Speaking to a rapturous audience of more than 84,000 packed into a football stadium, Obama delivered a 44-minute address that was more sharply worded than his usual lyrical prose. He blasted President Bush with some of the harshest language of the campaign, painting a grim picture of economic hardship: rising unemployment, falling wages, plunging home values, and rising costs for gasoline and college tuition.

“America, we are better than these last eight years,” Obama said, speaking from an elaborate stage on the floor of the Denver Broncos football stadium. “We are a better country than this.”

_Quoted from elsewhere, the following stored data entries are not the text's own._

lemma residue_Phi_kernel:
  assumes "a \<ge> 1"
  shows "residue (Phi_kernel s a) (- \<i>) = 2 * \<i> / pi * of_real (a + 1) powr (- s)"
proof (rule residue_simple'[OF open_pole_strip _ holomorphic_Phi_kernel[OF assms]])
  show "- \<i> \<in> pole_strip"
    by (simp add: pole_strip_def)
  define N where "N = (\<lambda>z. (of_real a + \<i> * z) powr (- s))"
  define D :: complex where "D = - \<i> * of_real pi / 2"
  have i_pi: "\<i> * (of_real pi * (- \<i>) / 2) = (of_real (pi / 2) :: complex)"
    by (simp add: field_simps)
  have "((\<lambda>z. cosh (of_real pi * z / 2)) has_field_derivative D) (at (- \<i>))"
  proof -
    have "sinh (of_real pi * (- \<i>) / 2 :: complex) = - \<i>"
      by (simp only: sinh_conv_sin i_pi sin_of_real) simp
    then show ?thesis
      unfolding D_def by (auto intro!: derivative_eq_intros simp: algebra_simps)
  qed
  moreover have "cosh (of_real pi * (- \<i>) / 2 :: complex) = 0"
    by (simp only: cosh_conv_cos i_pi cos_of_real) simp
  ultimately have "((\<lambda>z. cosh (of_real pi * z / 2) / (z - (- \<i>))) \<longlongrightarrow> D) (at (- \<i>))"
    by (simp add: has_field_derivative_iff)
  then have "((\<lambda>z. inverse (cosh (of_real pi * z / 2) / (z - (- \<i>)))) \<longlongrightarrow> inverse D) (at (- \<i>))"
    by (rule tendsto_inverse) (simp add: D_def)
  moreover have "isCont N (- \<i>)"
    unfolding N_def using assms by (intro continuous_intros) (auto simp: complex_nonpos_Reals_iff)
  ultimately have "((\<lambda>z. N z * inverse (cosh (of_real pi * z / 2) / (z - (- \<i>)))) \<longlongrightarrow> N (- \<i>) * inverse D)
      (at (- \<i>))"
    by (intro tendsto_mult) (auto simp: isCont_def)
  moreover have "N (- \<i>) * inverse D = 2 * \<i> / pi * of_real (a + 1) powr (- s)"
    by (simp add: N_def D_def field_simps)
  moreover have "(\<lambda>w. Phi_kernel s a w * (w - - \<i>))
      = (\<lambda>z. N z * inverse (cosh (of_real pi * z / 2) / (z - (- \<i>))))"
    by (simp add: Phi_kernel_def N_def fun_eq_iff)
  ultimately show "((\<lambda>w. Phi_kernel s a w * (w - - \<i>)) \<longlongrightarrow> 2 * \<i> / pi * of_real (a + 1) powr (- s))
      (at (- \<i>))"
    by simp
qed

Fending off Republican attacks on his judgment, experience and ability to understand middle America, Obama insisted it was Arizona Sen. McCain, his GOP rival, who “doesn’t get it.”


“For over two decades, he’s subscribed to that old, discredited Republican philosophy: Give more and more to those with the most and hope that prosperity trickles down to everyone else,” Obama said. “In Washington, they call this the ‘ownership society,’ but what it really means is ‘You’re on your own.’

“Well, it’s time for them to own their failure,” Obama went on, as the stadium erupted in cheers. “It’s time for us to change America.”

In closing out the Democratic convention, the Illinois senator seemed to address any doubts about his readiness for what promises to be a brutal fall campaign. He also sought to answer critics who say that his rhetoric, while perhaps captivating, is often vacant; that his message of hope and change, while inspiring, is platitudinous.

“Let me spell out exactly what that change would mean if I am president,” Obama said.

He pledged “to end this war in Iraq responsibly and finish the fight against Al Qaeda and the Taliban in Afghanistan,” wean the U.S. from Middle Eastern oil within a decade, cut taxes “for 95% of all working families,” and deliver “affordable, accessible healthcare for every single American.”


Making history

Whatever happens in November, Thursday night’s unprecedented scene was a testament to racial progress in America, a nation founded by slave owners and cleaved by civil war followed by a century of acrimony.

Less than 50 years after people with Obama’s complexion were forbidden from voting in some states, Obama became the first African American to accept the presidential nomination of one of the country’s two major political parties.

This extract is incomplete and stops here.